FIGURE 1.

Immunological consequences of non-typeable Haemophilus influenzae (NTHi) infection. Initial acquisition of NTHi may be enhanced by glucocorticoid therapy, which, for example, suppresses the protective mucosal-associated invariant T-cell (MAIT)–major histocompatibility complex class I-related (MR1) axis by reducing MAIT cell frequencies, suppressing MAIT cell activation and reducing expression of MR1. NTHi infection leads to stimulation of pathogen receptors including toll-like receptors (TLRs) and the NLR family pyrin domain containing 3 (NLRP3) inflammasome, generating release of proinflammatory cytokines including interleukin (IL)-1β, IL-6 and C-X-C motif chemokine ligand 8 (CXCL8). These recruit and activate neutrophils. Neutrophil activation causes release of neutrophil extracellular traps (NETs), which contribute to mucus hyperviscosity and the development of NTHi biofilms. NTHi also reduces expression of tight-junction proteins and induces upregulation of intracellular cell adhesion molecule 1 (ICAM-1), the receptor for many respiratory viruses, including most rhinoviruses, favouring viral replication.
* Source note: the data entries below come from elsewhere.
lemma mergeable_partner_exists:
  assumes "y \<in> \<Union>T"
  obtains x where "x \<in> \<Union>T" "mergeable T y x"
proof -
  obtain s0 where s0: "s0 \<in> T" "y \<in> s0" using assms by blast
  define P where "P F \<longleftrightarrow> F \<subseteq> T \<and> tight F \<and> s0 \<in> F" for F
  obtain M where PM: "P M" and M_max_card: "\<And>F. P F \<Longrightarrow> card F \<le> card M"
    using obtain_max_card_subset[of T P "{s0}"] finite_T s0(1) tight_singleton
    unfolding P_def by blast
  have MT: "M \<subseteq> T" and tM: "tight M" and s0M: "s0 \<in> M" using PM unfolding P_def by auto
  have M_max: "F \<subseteq> M" if "F \<subseteq> T" "tight F" "F \<inter> M \<noteq> {}" for F
  proof -
    have "P (F \<union> M)" using tight_Un_Int(1)[OF that(1) MT that(2) tM that(3)] that(1) MT s0M
      unfolding P_def by blast
    then have "card (F \<union> M) \<le> card M" using M_max_card by blast
    then show ?thesis using card_subset_eq[of "F \<union> M" M] finite_subfamily[of "F \<union> M"] that(1) MT
      by (metis Un_upper2 card_mono le_antisym le_sup_iff)
  qed
  obtain x where x: "lone_partner M y x" using two_lone_partners[OF MT tM] s0 s0M by blast
  show thesis
  proof
    show "x \<in> \<Union>T" using lone_partner_in_Union[OF x] MT by blast
    show "mergeable T y x" using lone_partner_mergeable[OF MT M_max x] by blast
  qed
qed

lemma obtain_mergeable_partner:
  assumes "\<Union>T \<subseteq> Y" "y \<in> Y" "Y \<noteq> {y}"
  obtains x where "x \<in> Y" "mergeable T y x"
proof (cases "y \<in> \<Union>T")
  case True
  then show thesis using mergeable_partner_exists that assms(1) by blast
next
  case False
  obtain x where "x \<in> Y" "x \<noteq> y" using assms(2,3) by blast
  moreover have "triples_through T y x = {}" using False unfolding triples_through_def by blast
  then have "mergeable T y x" using \<open>x \<noteq> y\<close> False unfolding mergeable_def by auto
  ultimately show thesis using that by blast
qed

end

subsection \<open>Orders in which distinct triples have distinct middle elements\<close>

definition middle :: "('a \<Rightarrow> nat) \<Rightarrow> 'a set \<Rightarrow> 'a \<Rightarrow> bool" where
  "middle r s m \<longleftrightarrow> m \<in> s \<and> (\<exists>p\<in>s. \<exists>q\<in>s. r p < r m \<and> r m < r q)"

definition distinct_middles :: "('a \<Rightarrow> nat) \<Rightarrow> 'a set set \<Rightarrow> bool" where
  "distinct_middles r T \<longleftrightarrow> (\<forall>s1\<in>T. \<forall>s2\<in>T. \<forall>m. middle r s1 m \<longrightarrow> middle r s2 m \<longrightarrow> s1 = s2)"

definition contract :: "'a \<Rightarrow> 'a \<Rightarrow> 'a set \<Rightarrow> 'a set" where
  "contract y x s = (if y \<in> s then insert x (s - {y}) else s)"

definition prepend :: "'a \<Rightarrow> ('a \<Rightarrow> nat) \<Rightarrow> 'a \<Rightarrow> nat" where
  "prepend y r z = (if z = y then 0 else Suc (r z))"

lemma contract_subset: "contract y x s \<subseteq> insert x (s - {y})"
  unfolding contract_def by auto

lemma Union_contract_supset: "\<Union>T - {y} \<subseteq> \<Union>(contract y x ` T)"
proof
  fix z assume "z \<in> \<Union>T - {y}"
  then obtain s where "s \<in> T" "z \<in> s" "z \<noteq> y" by blast
  then have "z \<in> contract y x s" unfolding contract_def by auto
  then show "z \<in> \<Union>(contract y x ` T)" using \<open>s \<in> T\<close> by blast
qed

lemma card_contract:
  assumes "card s = 3" "\<not> (y \<in> s \<and> x \<in> s)"
  shows "card (contract y x s) = 3"
proof (cases "y \<in> s")
  case True
  have "finite s" using assms(1) by (metis card.infinite zero_neq_numeral)
  then show ?thesis using True assms unfolding contract_def by (simp add: card_Diff_singleton)
qed (simp add: contract_def assms(1))
lemma card_star_centres_near_le:
  assumes ij: "1 \<le> j" "j < i" and c': "c' \<in> star_centres b D j"
    and \<rho>i: "\<rho>i \<le> 1 / real b ^ i / 2" and \<rho>j: "0 < \<rho>j" "3 * \<rho>j < r0"
  shows "real (card {c \<in> star_centres b D i. \<bar>c - c'\<bar> < \<rho>i + \<rho>j})
    \<le> c2 / c1 * (12 * \<rho>j * real b ^ i) powr \<gamma>"
proof (cases "{c \<in> star_centres b D i. \<bar>c - c'\<bar> < \<rho>i + \<rho>j} = {}")
  case True
  then show ?thesis
    using c1_pos c2_pos by (simp only: card.empty of_nat_0) simp
next
  case False
  define h where "h = 1 / real b ^ i"
  have h_pos: "0 < h"
    using b_ge_2 by (simp add: h_def)
  have \<rho>i_h: "\<rho>i \<le> h / 2"
    using \<rho>i by (simp add: h_def)
  obtain c0 where "c0 \<in> star_centres b D i" "\<bar>c0 - c'\<bar> < \<rho>i + \<rho>j"
    using False by auto
  then have "h \<le> \<bar>c0 - c'\<bar>"
    unfolding h_def using star_centres_separated_levels[OF b_ge_2 ij] c' by blast
  \<comment> \<open>so the balls of radius \<open>h / 4\<close> about the counted centres fit into \<open>ball c' (3 * \<rho>j)\<close>\<close>
  then have h_\<rho>j: "h < 2 * \<rho>j"
    using \<open>\<bar>c0 - c'\<bar> < \<rho>i + \<rho>j\<close> \<rho>i_h by linarith
  have "real (card {c \<in> star_centres b D i. \<bar>c - c'\<bar> < \<rho>i + \<rho>j}) \<le> c2 / c1 * (4 * (3 * \<rho>j) / h) powr \<gamma>"
  proof (rule card_separated_le)
    show "finite {c \<in> star_centres b D i. \<bar>c - c'\<bar> < \<rho>i + \<rho>j}"
      using finite_star_centres[OF finite_D] by simp
    show "{c \<in> star_centres b D i. \<bar>c - c'\<bar> < \<rho>i + \<rho>j} \<subseteq> cantor_set b D"
      using star_centres_subset_cantor_set[OF b_ge_2 D_ne finite_D] by blast
    show "c' \<in> cantor_set b D"
      using c' star_centres_subset_cantor_set[OF b_ge_2 D_ne finite_D] by blast
    show "h \<le> \<bar>c - c''\<bar>" if "c \<in> {c \<in> star_centres b D i. \<bar>c - c'\<bar> < \<rho>i + \<rho>j}"
      "c'' \<in> {c \<in> star_centres b D i. \<bar>c - c'\<bar> < \<rho>i + \<rho>j}" "c \<noteq> c''" for c c''
      using that star_centres_separated[of b c D i c''] b_ge_2 by (simp add: h_def)
    show "\<bar>c - c'\<bar> + h / 4 \<le> 3 * \<rho>j" if "c \<in> {c \<in> star_centres b D i. \<bar>c - c'\<bar> < \<rho>i + \<rho>j}" for c
      using that \<rho>i_h h_\<rho>j by auto
  qed (use h_pos h_\<rho>j \<rho>j in auto)
  also have "4 * (3 * \<rho>j) / h = 12 * \<rho>j * real b ^ i"
    by (simp add: h_def)
  finally show ?thesis .
qed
Activation of innate and adaptive type-17 lymphocytes including MAIT, type 17 T-helper cells (Th17), natural killer T-cells (NKT) and type 3 innate lymphoid cells (ILC3) leads to production of interferon γ (IFN-γ), tumour necrosis factor (TNF), colony-stimulating factor 2 (CSF2) (also known as granulocyte­–macrophage CSF) and IL-17, favouring neutrophil recruitment. The macrolide azithromycin (AZM) suppresses several features of neutrophilic asthma, including reducing CXCL8 production, inhibiting biofilms, direct antiviral activities, reducing mucus hypersecretion and suppressing neutrophil oxidative burst and chemokine production and survival. TCR: T-cell receptor; 5-OP-RU: 5-(2-oxopropylidenamino)-6-D-ribitylaminouracil; NF-kB: nuclear factor kB.